— Иван Иванович, — обратился я, — помните найденные у покойного Арещенкова бумаги?

— Окровавленные? С письмом о получении новой партии ассигнаций в монастыре под Величками и прочей белибердой?

— Да, эти самые.

— Сразу скажу — невыполнимо! — Поручик понизил голос и произнёс с сожалением: — я давно понял, что жизнь без приключений для Вас слишком пресна, но, даже не смотря на лихость моих парней, Ваши скорострельные револьверы и улучшенные штуцера нам не одолеть охрану за стенами монастыря. Вспомните, в письме сообщается, что в усиление кирасир полковника Мёзьо будут направлены егеря пятого полка полковника Курнаковского, у командира которых и следует получить сундук. Вы сами мне это читали. Я даже боюсь представить, сколько там будет народа.

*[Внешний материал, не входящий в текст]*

definition sym_pd :: "real^'n^'n \<Rightarrow> bool" where
  "sym_pd M \<longleftrightarrow> transpose M = M \<and> (\<forall>x. x \<noteq> 0 \<longrightarrow> 0 < x \<bullet> (M *v x))"

definition SO3 :: "(real^3^3) set" where
  "SO3 = {R. orthogonal_matrix R \<and> det R = 1}"

definition lam_i :: "real \<Rightarrow> real \<Rightarrow> real \<Rightarrow> real \<Rightarrow> real \<Rightarrow> real \<Rightarrow> real" where
  "lam_i nu w beta Sl wE inc = beta * Sl * w * wE * cos inc"

definition Amat :: "real \<Rightarrow> real \<Rightarrow> real \<Rightarrow> real \<Rightarrow> real \<Rightarrow> real \<Rightarrow> real^4^4" where
  "Amat nu w beta Sl wE inc =
     (let lam = lam_i nu w beta Sl wE inc in
      vector [vector [0, 0, 1, 0],
              vector [0, 0, 0, 1],
              vector [3 * nu^2, -lam, -(beta * Sl * w), 2 * nu],
              vector [-(2 * lam), 0, -(2 * nu), -(2 * beta * Sl * w)]])"

definition bvec :: "real \<Rightarrow> real \<Rightarrow> real^4" where
  "bvec w beta = vector [0, 0, 0, -(beta * w^2)]"

end

(* With the LQR gain g = (1/Rf) P b, the orbital error obeys X' = A_c X + dS_e b, where dS_e is the
   surface error.  The desired angular velocity omega_d is chosen so that
   dS_e' = -psi^T omega_e - k_s dS_e - b^T P X, and the control law gives
   J omega_e' = dS_e psi - K omega_e.  For V = X^T P X + dS_e^2 + omega_e^T J omega_e the two
   cross terms 2 dS_e b^T P X and 2 dS_e psi^T omega_e cancel, and the Riccati equation turns
   what is left into V' = -X^T Q X - (1/Rf) (b^T P X)^2 - 2 k_s dS_e^2 - 2 omega_e^T K omega_e.
   Hence V' <= -c V, so |Z(t)|^2 <= (M/m) |Z(t0)|^2 exp(-c (t - t0)) with constants that do not
   depend on the trajectory, which gives stability and attractivity of the origin. *)

theory Submission
  imports Defs
begin

unbundle cross3_syntax

lemma bounded_bilinear_matrix_vector_mult:
  "bounded_bilinear ((*v) :: real^'n^'m \<Rightarrow> real^'n \<Rightarrow> real^'m)"
  unfolding bilinear_conv_bounded_bilinear[symmetric] bilinear_def linear_iff
  by (simp add: matrix_vector_right_distrib matrix_vector_mult_add_rdistrib
      matrix_vector_mult_scaleR scaleR_matrix_vector_assoc)

lemma inner_transpose_mult_vec: "x \<bullet> (transpose A *v y) = (A *v x) \<bullet> (y::real^'n)"
  by (metis dot_lmul_matrix inner_commute transpose_matrix_vector)

lemma inner_matrix_vector_symmetric:
  fixes M :: "real^'n^'n"
  assumes "transpose M = M"
  shows "x \<bullet> (M *v y) = y \<bullet> (M *v x)"
  by (metis assms inner_transpose_mult_vec inner_commute)

lemma has_vector_derivative_quadratic_form:
  fixes M :: "real^'n^'n"
  assumes "transpose M = M" and "(X has_vector_derivative X') (at t within S)"
  shows "((\<lambda>t. X t \<bullet> (M *v X t)) has_vector_derivative 2 * (X' \<bullet> (M *v X t))) (at t within S)"
proof -
  have "((\<lambda>t. M *v X t) has_vector_derivative M *v X') (at t within S)"
    by (rule bounded_linear.has_vector_derivative[OF matrix_vector_mul_bounded_linear assms(2)])
  from bounded_bilinear.has_vector_derivative[OF bounded_bilinear_inner assms(2) this]
  show ?thesis
    by (simp add: inner_matrix_vector_symmetric[OF assms(1), of "X t"])
qed

lemma quadratic_form_ge_norm_square:
  fixes M :: "real^'n^'n"
  assumes "\<forall>x. x \<noteq> 0 \<longrightarrow> 0 < x \<bullet> (M *v x)"
  obtains a where "a > 0" "\<And>x. a * (norm x)\<^sup>2 \<le> x \<bullet> (M *v x)"
proof -
  have cont: "continuous_on (sphere 0 1) (\<lambda>x. x \<bullet> (M *v x))"
    by (intro continuous_intros continuous_on_compose2[OF linear_continuous_on[OF matrix_vector_mul_bounded_linear]]) auto
  obtain z where z: "z \<in> sphere (0::real^'n) 1"
      and z_min: "\<And>y. y \<in> sphere 0 1 \<Longrightarrow> z \<bullet> (M *v z) \<le> y \<bullet> (M *v y)"
    using continuous_attains_inf[OF compact_sphere _ cont] by auto
  show thesis
  proof
    have "z \<noteq> 0" using z by auto
    then show "z \<bullet> (M *v z) > 0" using assms by blast
    show "z \<bullet> (M *v z) * (norm x)\<^sup>2 \<le> x \<bullet> (M *v x)" for x
    proof (cases "x = 0")
      case False
      have "z \<bullet> (M *v z) \<le> (x /\<^sub>R norm x) \<bullet> (M *v (x /\<^sub>R norm x))"
        using False by (intro z_min) simp
      also have "\<dots> = (x \<bullet> (M *v x)) / (norm x)\<^sup>2"
        by (simp add: matrix_vector_mult_scaleR power2_eq_square divide_inverse)
      finally show ?thesis using False by (simp add: pos_le_divide_eq)
    qed simp
  qed
qed

lemma quadratic_form_le_norm_square:
  fixes M :: "real^'n^'n"
  obtains B where "\<And>x. x \<bullet> (M *v x) \<le> B * (norm x)\<^sup>2"
proof -
  obtain B where B: "\<And>x. norm (M *v x) \<le> norm x * B"
    using bounded_linear.pos_bounded[OF matrix_vector_mul_bounded_linear] by blast
  have "x \<bullet> (M *v x) \<le> B * (norm x)\<^sup>2" for x
  proof -
    have "x \<bullet> (M *v x) \<le> norm x * norm (M *v x)" by (rule norm_cauchy_schwarz)
    also have "\<dots> \<le> norm x * (norm x * B)" by (intro mult_left_mono B) simp
    finally show ?thesis by (simp add: power2_eq_square mult_ac)
  qed
  then show thesis by (rule that)
qed
(* Let $p$ be a prime and let $R$ be the ring whose additive group is $\mathbb{Z}_{p^2}\oplus\mathbb{Z}_p\oplus\mathbb{Z}_p$ with basis $\{1,t,y\}$ (elements $r+st+hy$ with $r\in\mathbb{Z}_{p^2}$, $s,h\in\mathbb{Z}_p$), $1$ the identity, and multiplication determined by $t^2=0$, $y^2=y$, $ty=0$, $yt=t$. Then the pair $(1-t-y,\,t)\in R^2$ is not unimodular, the cyclic submodule $R(1-t-y,t)$ is free, and $(1-t-y,t)$ is an outlier.
   Context: $R^2$ is the free left $R$-module of pairs; $R(a,b)=\{(\alpha a,\alpha b):\alpha\in R\}$ is free if $r(a,b)=(0,0)$ implies $r=0$. A pair $(a,b)$ is (right) unimodular if there exist $x,y\in R$ with $ax+by=1$; it is an outlier if there are no $r\in R$ and unimodular $(x,y)\in R^2$ with $(a,b)=r(x,y)$. *)

theory Defs
  imports "HOL-Algebra.Ring" "HOL-Computational_Algebra.Primes"
begin

definition unimodular :: "('a, 'm) ring_scheme \<Rightarrow> 'a \<Rightarrow> 'a \<Rightarrow> bool" where
  "unimodular R a b \<longleftrightarrow>
     (\<exists>x\<in>carrier R. \<exists>y\<in>carrier R. a \<otimes>\<^bsub>R\<^esub> x \<oplus>\<^bsub>R\<^esub> b \<otimes>\<^bsub>R\<^esub> y = \<one>\<^bsub>R\<^esub>)"

definition cyclic_free :: "('a, 'm) ring_scheme \<Rightarrow> 'a \<Rightarrow> 'a \<Rightarrow> bool" where
  "cyclic_free R a b \<longleftrightarrow>
     (\<forall>r\<in>carrier R. r \<otimes>\<^bsub>R\<^esub> a = \<zero>\<^bsub>R\<^esub> \<and> r \<otimes>\<^bsub>R\<^esub> b = \<zero>\<^bsub>R\<^esub> \<longrightarrow> r = \<zero>\<^bsub>R\<^esub>)"

definition outlier :: "('a, 'm) ring_scheme \<Rightarrow> 'a \<Rightarrow> 'a \<Rightarrow> bool" where
  "outlier R a b \<longleftrightarrow>
     \<not> (\<exists>r\<in>carrier R. \<exists>x\<in>carrier R. \<exists>y\<in>carrier R.
           unimodular R x y \<and> a = r \<otimes>\<^bsub>R\<^esub> x \<and> b = r \<otimes>\<^bsub>R\<^esub> y)"

text \<open>The ring R_p: elements r + s t + h y encoded as integer triples (r,s,h) with
  0 \<le> r < p^2, 0 \<le> s,h < p. Multiplication from t^2 = 0, y^2 = y, ty = 0, yt = t:
  (r+st+hy)(r'+s't+h'y) = rr' + (rs' + sr' + hs') t + (rh' + hr' + hh') y.\<close>

definition Rp :: "int \<Rightarrow> (int \<times> int \<times> int) ring" where
  "Rp p = \<lparr> partial_object.carrier = {(r, s, h). 0 \<le> r \<and> r < p^2 \<and> 0 \<le> s \<and> s < p \<and> 0 \<le> h \<and> h < p},
            monoid.mult = (\<lambda>(r, s, h) (r', s', h').
                      ((r * r') mod p^2, (r * s' + s * r' + h * s') mod p, (r * h' + h * r' + h * h') mod p)),
            monoid.one = (1, 0, 0),
            ring.zero = (0, 0, 0),
            ring.add = (\<lambda>(r, s, h) (r', s', h'). ((r + r') mod p^2, (s + s') mod p, (h + h') mod p)) \<rparr>"

definition Rp_t :: "int \<times> int \<times> int" where "Rp_t = (0, 1, 0)"
definition Rp_y :: "int \<times> int \<times> int" where "Rp_y = (0, 0, 1)"

end

theory Submission
  imports Defs "HOL-Number_Theory.Residues"
begin

text \<open>The augmentation \<open>r + s t + h y \<mapsto> r + h (mod p)\<close> is a ring homomorphism
  \<open>R \<rightarrow> \<int>/p\<close> (it sends \<open>t \<mapsto> 0\<close>, \<open>y \<mapsto> 1\<close>) whose kernel is a proper ideal containing both
  \<open>a = 1 - t - y\<close> and \<open>t\<close>; hence \<open>(a, t)\<close> is not unimodular. If \<open>(a, t) = r (x, w)\<close> with
  \<open>(x, w)\<close> unimodular, then \<open>r\<close> lies in that kernel too. Comparing \<open>\<int>/p\<^sup>2\<close>-coordinates,
  \<open>r x = a\<close> makes the coordinate of \<open>r\<close> a unit, so \<open>r w = t\<close> forces \<open>w \<in> \<int>/p t + \<int>/p y\<close>;
  but kernel elements annihilate all such \<open>w\<close>, contradicting \<open>t \<noteq> 0\<close>. Freeness: \<open>r t\<close> and
  \<open>r y\<close> both carry the augmentation of \<open>r\<close>, so \<open>r t = 0\<close> gives \<open>r y = 0\<close> and
  \<open>r = r a + r t + r y\<close>. Primality of \<open>p\<close> is only used through \<open>p > 1\<close>.\<close>

lemma not_unimodular_in_proper_ideal:
  assumes "ring R" "ideal I R" "I \<noteq> carrier R" "a \<in> I" "b \<in> I"
  shows "\<not> unimodular R a b"
proof
  interpret I: ideal I R by fact
  assume "unimodular R a b"
  then obtain x y where xy: "x \<in> carrier R" "y \<in> carrier R" and one: "a \<otimes>\<^bsub>R\<^esub> x \<oplus>\<^bsub>R\<^esub> b \<otimes>\<^bsub>R\<^esub> y = \<one>\<^bsub>R\<^esub>"
    unfolding unimodular_def by blast
  have "a \<otimes>\<^bsub>R\<^esub> x \<oplus>\<^bsub>R\<^esub> b \<otimes>\<^bsub>R\<^esub> y \<in> I"
    using assms(4,5) xy by (simp add: I.I_r_closed I.a_closed)
  then have "\<one>\<^bsub>R\<^esub> \<in> I"
    by (simp only: one)
  then show False
    using I.one_imp_carrier assms(3) by blast
qed

lemma unimodular_left_factor_in_ideal:
  assumes "ring R" "ideal I R" "unimodular R x y"
    and "r \<in> carrier R" "x \<in> carrier R" "y \<in> carrier R"
    and "r \<otimes>\<^bsub>R\<^esub> x \<in> I" "r \<otimes>\<^bsub>R\<^esub> y \<in> I"
  shows "r \<in> I"
proof -
  interpret R: ring R by fact
  interpret I: ideal I R by fact
  obtain u v where uv: "u \<in> carrier R" "v \<in> carrier R" "x \<otimes>\<^bsub>R\<^esub> u \<oplus>\<^bsub>R\<^esub> y \<otimes>\<^bsub>R\<^esub> v = \<one>\<^bsub>R\<^esub>"
    using assms(3) unfolding unimodular_def by blast
  have "r = r \<otimes>\<^bsub>R\<^esub> \<one>\<^bsub>R\<^esub>"
    using assms(4) by simp
  also have "\<dots> = r \<otimes>\<^bsub>R\<^esub> (x \<otimes>\<^bsub>R\<^esub> u \<oplus>\<^bsub>R\<^esub> y \<otimes>\<^bsub>R\<^esub> v)"
    by (simp only: uv(3))
  also have "\<dots> = r \<otimes>\<^bsub>R\<^esub> x \<otimes>\<^bsub>R\<^esub> u \<oplus>\<^bsub>R\<^esub> r \<otimes>\<^bsub>R\<^esub> y \<otimes>\<^bsub>R\<^esub> v"
    using uv(1,2) assms(4-6) by (simp add: R.r_distr R.m_assoc)
  also have "\<dots> \<in> I"
    using uv(1,2) assms(7,8) by (simp add: I.I_r_closed I.a_closed)
  finally show ?thesis .
qed

lemma mod_eq_0_cancel_left:
  fixes r x w m :: int
  assumes "(r * x) mod m = 1" "(r * w) mod m = 0"
  shows "w mod m = 0"
proof -
  have "w mod m = (w * ((r * x) mod m)) mod m"
    using assms(1) by simp
  also have "\<dots> = (x * ((r * w) mod m)) mod m"
    by (simp add: mod_simps ac_simps)
  finally show ?thesis
    using assms(2) by simp
qed

lemma mod_eq_of_dvd_diff: "(m::int) dvd a - b \<Longrightarrow> a mod m = b mod m"
  by (simp add: mod_eq_dvd_iff)

text \<open>Identities between residues modulo \<open>p\<close> and \<open>p\<^sup>2\<close> are checked by writing each residue
  as \<open>x - m * (x div m)\<close> and letting Groebner bases find the multiple of the modulus.\<close>

lemmas mod_as_div =
  minus_mult_div_eq_mod[symmetric, of _ p] minus_mult_div_eq_mod[symmetric, of _ "p^2"] dvd_def
  for p :: int

lemma Rp_mult_assoc:
  "x \<otimes>\<^bsub>Rp p\<^esub> y \<otimes>\<^bsub>Rp p\<^esub> z = x \<otimes>\<^bsub>Rp p\<^esub> (y \<otimes>\<^bsub>Rp p\<^esub> z)"
proof -
  obtain x1 x2 x3 y1 y2 y3 z1 z2 z3 where xyz: "x = (x1, x2, x3)" "y = (y1, y2, y3)" "z = (z1, z2, z3)"
    by (metis prod_cases3)
  show ?thesis
    unfolding xyz by (simp add: Rp_def; intro conjI; rule mod_eq_of_dvd_diff;
        unfold mod_as_div power2_eq_square; Groebner_Basis.algebra)
qed
(* Let $\mathcal{X}$ be a finite set, $\pi$ a probability mass function on $\mathcal{X}$ with full support, and fix a group action of $\mathcal{G}$ on $\mathcal{X}$ with associated Gibbs, Metropolis–Hastings and Barker orbit kernels $G$, $M$, $B$. Let $\mathbf{G}=\{P\in\mathcal{S}(\pi):GPG=P\}$, $\mathbf{M}=\{P\in\mathcal{S}(\pi):MPM=P\}$, $\mathbf{B}=\{P\in\mathcal{S}(\pi):BPB=P\}$. If each orbit block of $G$, $M$ and $B$ is aperiodic, then $\mathbf{G}=\mathbf{M}=\mathbf{B}$.
   Context: $\mathcal{S}(\pi)$ is the set of transition matrices $P$ on $\mathcal{X}$ with $\pi P=\pi$. With $\mathcal{O}(x)$ the orbit of $x$: $G(x,y)=\pi(y)/\pi(\mathcal{O}(x))$ for $y\in\mathcal{O}(x)$, else $0$; $M(x,y)=\frac{1}{|\mathcal{O}(x)|-1}\min\{1,\pi(y)/\pi(x)\}$ for $y\in\mathcal{O}(x)\setminus\{x\}$, $0$ off the orbit, $M(x,x)=1-\sum_{y\ne x}M(x,y)$; $B$ is the same with acceptance $\pi(y)/(\pi(x)+\pi(y))$. These kernels are block diagonal with one block per orbit; aperiodicity of a block refers to the Markov chain on that orbit given by the block. *)

theory Defs
  imports Complex_Main "HOL-Algebra.Group_Action"
begin

text \<open>Matrices on a finite state set X are represented as extensional
  functions 'a => 'a => real, vanishing outside X x X.\<close>

definition mat_mult :: "'a set \<Rightarrow> ('a \<Rightarrow> 'a \<Rightarrow> real) \<Rightarrow> ('a \<Rightarrow> 'a \<Rightarrow> real) \<Rightarrow> ('a \<Rightarrow> 'a \<Rightarrow> real)" where
  "mat_mult X P Q = (\<lambda>x y. if x \<in> X \<and> y \<in> X then (\<Sum>z\<in>X. P x z * Q z y) else 0)"

definition stationary_kernels :: "'a set \<Rightarrow> ('a \<Rightarrow> real) \<Rightarrow> ('a \<Rightarrow> 'a \<Rightarrow> real) set" where
  "stationary_kernels X \<pi> = {P.
     (\<forall>x y. (x \<notin> X \<or> y \<notin> X) \<longrightarrow> P x y = 0) \<and>
     (\<forall>x\<in>X. \<forall>y\<in>X. 0 \<le> P x y) \<and>
     (\<forall>x\<in>X. (\<Sum>y\<in>X. P x y) = 1) \<and>
     (\<forall>y\<in>X. (\<Sum>x\<in>X. \<pi> x * P x y) = \<pi> y)}"

definition gibbs_kernel :: "('g, 'b) monoid_scheme \<Rightarrow> ('g \<Rightarrow> 'a \<Rightarrow> 'a) \<Rightarrow> 'a set \<Rightarrow> ('a \<Rightarrow> real) \<Rightarrow> 'a \<Rightarrow> 'a \<Rightarrow> real" where
  "gibbs_kernel Gr \<phi> X \<pi> x y =
     (if x \<in> X \<and> y \<in> X \<and> y \<in> orbit Gr \<phi> x
      then \<pi> y / (\<Sum>z\<in>orbit Gr \<phi> x. \<pi> z) else 0)"

text \<open>Generic orbit kernel with acceptance function acc (off-diagonal
  proposal uniform on the orbit minus the current point).\<close>
definition orbit_kernel :: "('g, 'b) monoid_scheme \<Rightarrow> ('g \<Rightarrow> 'a \<Rightarrow> 'a) \<Rightarrow> 'a set \<Rightarrow> ('a \<Rightarrow> 'a \<Rightarrow> real) \<Rightarrow> 'a \<Rightarrow> 'a \<Rightarrow> real" where
  "orbit_kernel Gr \<phi> X acc x y =
     (if x \<in> X \<and> y \<in> X then
        (if y = x then
           1 - (\<Sum>z\<in>orbit Gr \<phi> x - {x}. acc x z / (real (card (orbit Gr \<phi> x)) - 1))
         else if y \<in> orbit Gr \<phi> x then acc x y / (real (card (orbit Gr \<phi> x)) - 1)
         else 0)
      else 0)"
section \<open>The target group Z_2 x D_6\<close>

lemma group_dihedral_group:
  assumes "n > 0"
  shows "group (dihedral_group n)"
proof (rule groupI)
  fix x y z :: "int \<times> bool" assume x: "x \<in> carrier (dihedral_group n)"
  obtain a s where xs: "x = (a, s)" by (cases x)
  show "x \<otimes>\<^bsub>dihedral_group n\<^esub> y \<in> carrier (dihedral_group n)"
    using assms by (cases x; cases y) (simp add: dihedral_group_def)
  show "\<one>\<^bsub>dihedral_group n\<^esub> \<otimes>\<^bsub>dihedral_group n\<^esub> x = x"
    using x by (cases x) (simp add: dihedral_group_def)
  have a: "0 \<le> a" "a < int n" using x xs by (auto simp: dihedral_group_def)
  define x' where "x' = (if s then (a, True) else ((int n - a) mod int n, False))"
  have "x' \<in> carrier (dihedral_group n)" using assms a by (simp add: x'_def dihedral_group_def)
  moreover have "x' \<otimes>\<^bsub>dihedral_group n\<^esub> x = \<one>\<^bsub>dihedral_group n\<^esub>"
    using a by (simp add: x'_def xs dihedral_group_def mod_simps)
  ultimately show "\<exists>y\<in>carrier (dihedral_group n). y \<otimes>\<^bsub>dihedral_group n\<^esub> x = \<one>\<^bsub>dihedral_group n\<^esub>"
    by blast
  obtain b t where ys: "y = (b, t)" by (cases y)
  obtain c w where zs: "z = (c, w)" by (cases z)
  have "((a + (if s then - b else b)) mod n + (if s \<noteq> t then - c else c)) mod n =
        (a + (if s then - ((b + (if t then - c else c)) mod n) else (b + (if t then - c else c)) mod n)) mod n"
    by (cases s; cases t; simp add: mod_simps algebra_simps)
  then show "x \<otimes>\<^bsub>dihedral_group n\<^esub> y \<otimes>\<^bsub>dihedral_group n\<^esub> z =
        x \<otimes>\<^bsub>dihedral_group n\<^esub> (y \<otimes>\<^bsub>dihedral_group n\<^esub> z)"
    by (simp add: dihedral_group_def xs ys zs) blast
next
  show "\<one>\<^bsub>dihedral_group n\<^esub> \<in> carrier (dihedral_group n)" using assms by (simp add: dihedral_group_def)
qed

abbreviation Target :: "(int \<times> int \<times> bool) monoid" where
  "Target \<equiv> DirProd (integer_mod_group 2) (dihedral_group 6)"

lemma carrier_Target: "carrier Target = {0..<2} \<times> {0..<6} \<times> UNIV"
  by (simp add: carrier_integer_mod_group dihedral_group_def)

lemma mult_Target: "x \<otimes>\<^bsub>Target\<^esub> y = target_mult x y"
  by (cases x; cases y) (simp add: dihedral_group_def)

lemma group_Target: "group Target"
  by (intro DirProd_group group_integer_mod_group group_dihedral_group) simp

lemma chi_nf_carrier: "chi_nf e n k u \<in> carrier Target"
  unfolding carrier_Target by (simp add: chi_nf_def)

text \<open>Every element of Z_2 x D_6 is a value of chi_nf: the sign and k give the rotation,
  u the reflection, and the parity of n then adjusts the Z_2-component.\<close>
lemma chi_nf_surj:
  assumes "t \<in> carrier Target"
  shows "\<exists>e n k u. nf_params e k u \<and> chi_nf e n k u = t"
proof -
  obtain z a s where t: "t = (z, a, s)" by (cases t)
  have z: "z = 0 \<or> z = 1" and a: "a = 0 \<or> a = 1 \<or> a = 2 \<or> a = 3 \<or> a = 4 \<or> a = 5"
    using assms unfolding carrier_Target t by auto
  define e :: int where "e = (if odd a then -1 else 1)"
  define k :: nat where "k = (if a = 0 \<or> a = 3 then 0 else if a = 2 \<or> a = 5 then 1 else 2)"
  define n :: nat where "n = (if (z = 1) \<noteq> (e = -1) then 1 else 0)"
  define u :: nat where "u = (if s then 2 else 1)"
  have "chi_nf e n k u = t" unfolding t chi_nf_def e_def k_def n_def u_def
    using z a by (elim disjE; simp)
  moreover have "nf_params e k u" by (simp add: e_def k_def u_def)
  ultimately show ?thesis by blast
qed

lemma chi_nf_one:
  assumes "nf_params e k u" "chi_nf e n k u = (0, 0, False)"
  shows "e = 1 \<and> k = 0 \<and> u = 1 \<and> even n"
  using assms less_3_cases[of k] by (auto simp: chi_nf_def split: if_splits)

section \<open>The homomorphism Isom_Z(L) to Z_2 x D_6 and its kernel\<close>

definition chi_Isom :: "('a::field_char_0 mat2 \<Rightarrow> 'a mat2) \<Rightarrow> int \<times> int \<times> bool" where
  "chi_Isom \<phi> = chi (Mat \<phi>)"

lemma chi_Isom_hom: "chi_Isom \<in> hom (Isom_group :: ('a::field_char_0 mat2 \<Rightarrow> 'a mat2) monoid) Target"
proof (rule homI)
  fix x y :: "'a mat2 \<Rightarrow> 'a mat2"
  assume "x \<in> carrier Isom_group"
  then obtain M where M: "B_isometry M" "x = lin M" by (auto simp: carrier_Isom_group)
  then obtain e ws k u where "nf_params e k u" "M = nf e ws k u" using nf_exists by blast
  then show "chi_Isom x \<in> carrier Target"
    using M chi_nf_carrier by (simp add: chi_Isom_def Mat_lin chi_nf_eq)
  assume "y \<in> carrier Isom_group"
  then obtain N where "B_isometry N" "y = lin N" by (auto simp: carrier_Isom_group)
  then show "chi_Isom (x \<otimes>\<^bsub>Isom_group\<^esub> y) = chi_Isom x \<otimes>\<^bsub>Target\<^esub> chi_Isom y"
    using M by (simp add: chi_Isom_def Mat_lin mult_Isom_group mult_Target chi_mult)
qed

lemma chi_Isom_surj:
  "chi_Isom ` carrier (Isom_group :: ('a::field_char_0 mat2 \<Rightarrow> 'a mat2) monoid) = carrier Target"
proof
  show "chi_Isom ` carrier (Isom_group :: ('a mat2 \<Rightarrow> 'a mat2) monoid) \<subseteq> carrier Target"
    using chi_Isom_hom hom_carrier by blast
  show "carrier Target \<subseteq> chi_Isom ` carrier (Isom_group :: ('a mat2 \<Rightarrow> 'a mat2) monoid)"
  proof
    fix t assume "t \<in> carrier Target"
    then obtain e n k u where p: "nf_params e k u" and t: "chi_nf e n k u = t"
      using chi_nf_surj by blast
    define \<phi> where "\<phi> = (lin (nf e (replicate n 0) k u) :: 'a mat2 \<Rightarrow> 'a mat2)"
    have "\<phi> \<in> carrier Isom_group"
      using B_isometry_nf[OF p] by (simp add: \<phi>_def carrier_Isom_group)
    moreover have "chi_Isom \<phi> = t" using chi_nf_eq[OF p] t by (simp add: chi_Isom_def \<phi>_def Mat_lin)
    ultimately show "t \<in> chi_Isom ` carrier (Isom_group :: ('a mat2 \<Rightarrow> 'a mat2) monoid)" by blast
  qed
qed

text \<open>The kernel of chi consists of the normal forms with e = 1, trivial permutation and an
  even reflection word, i.e. of W^+.\<close>
lemma kernel_chi_Isom:
  "kernel (Isom_group :: ('a::field_char_0 mat2 \<Rightarrow> 'a mat2) monoid) Target chi_Isom = Wplus"
proof
  show "kernel (Isom_group :: ('a mat2 \<Rightarrow> 'a mat2) monoid) Target chi_Isom \<subseteq> Wplus"
  proof
    fix \<phi> :: "'a mat2 \<Rightarrow> 'a mat2"
    assume "\<phi> \<in> kernel Isom_group Target chi_Isom"
    then obtain M where M: "B_isometry M" "\<phi> = lin M" and chi1: "chi M = (0, 0, False)"
      by (auto simp: kernel_def carrier_Isom_group chi_Isom_def dihedral_group_def Mat_lin)
    obtain e ws k u where p: "nf_params e k u" and nf: "M = nf e ws k u"
      using nf_exists[OF M(1)] by blast
    have "e = 1" "k = 0" "u = 1"
      using chi_nf_one[OF p] chi1 chi_nf_eq[OF p] by (auto simp: nf)
    then have "\<phi> = lin (refl_word ws)" by (simp add: M(2) nf nf_def scalar3_one perm_mat_id)
    then have W: "\<phi> \<in> Wgrp" by (simp add: Wgrp_eq)
    then have "even (word_length Isom_group refl_gens \<phi>)"
      using chi_Wgrp[OF W] chi1 M(2) by (auto simp: Mat_lin split: if_splits)
    then show "\<phi> \<in> Wplus" using W by (simp add: Wplus_def)
  qed
  show "Wplus \<subseteq> kernel (Isom_group :: ('a mat2 \<Rightarrow> 'a mat2) monoid) Target chi_Isom"
  proof
    fix \<phi> :: "'a mat2 \<Rightarrow> 'a mat2"
    assume "\<phi> \<in> Wplus"
    then have W: "\<phi> \<in> Wgrp" and even: "even (word_length Isom_group refl_gens \<phi>)"
      by (auto simp: Wplus_def)
    have "\<phi> \<in> carrier Isom_group" using W lin_refl_word_carrier by (auto simp: Wgrp_eq)
    moreover have "chi_Isom \<phi> = (0, 0, False)" using chi_Wgrp[OF W] even by (simp add: chi_Isom_def)
    ultimately show "\<phi> \<in> kernel Isom_group Target chi_Isom"
      by (simp add: kernel_def dihedral_group_def)
  qed
qed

— А не надо представлять, — сказал я, — надо точно знать. А точные данные вычитываются из расчётов самого Арещенкова, который снова взялся обеспечить всю эту кодлу дамами с низкой социальной ответственностью и на обратной стороне письма, не стесняясь, прикидывает, как бы на этом урвать копейку.

— Не понял, какие дамы?

— Из борделя, Иван Иванович.

— Тьфу! Так бы и говорили сразу что…

— Поручик, — перебил я, — это устойчивое словосочетание, дабы не обидеть представительниц слабого пола. К слову, у покойного были явные задатки коммерсанта. Он надеялся, что соотношение одна к трём устроит все стороны. В прошлый раз обошлось большим составом.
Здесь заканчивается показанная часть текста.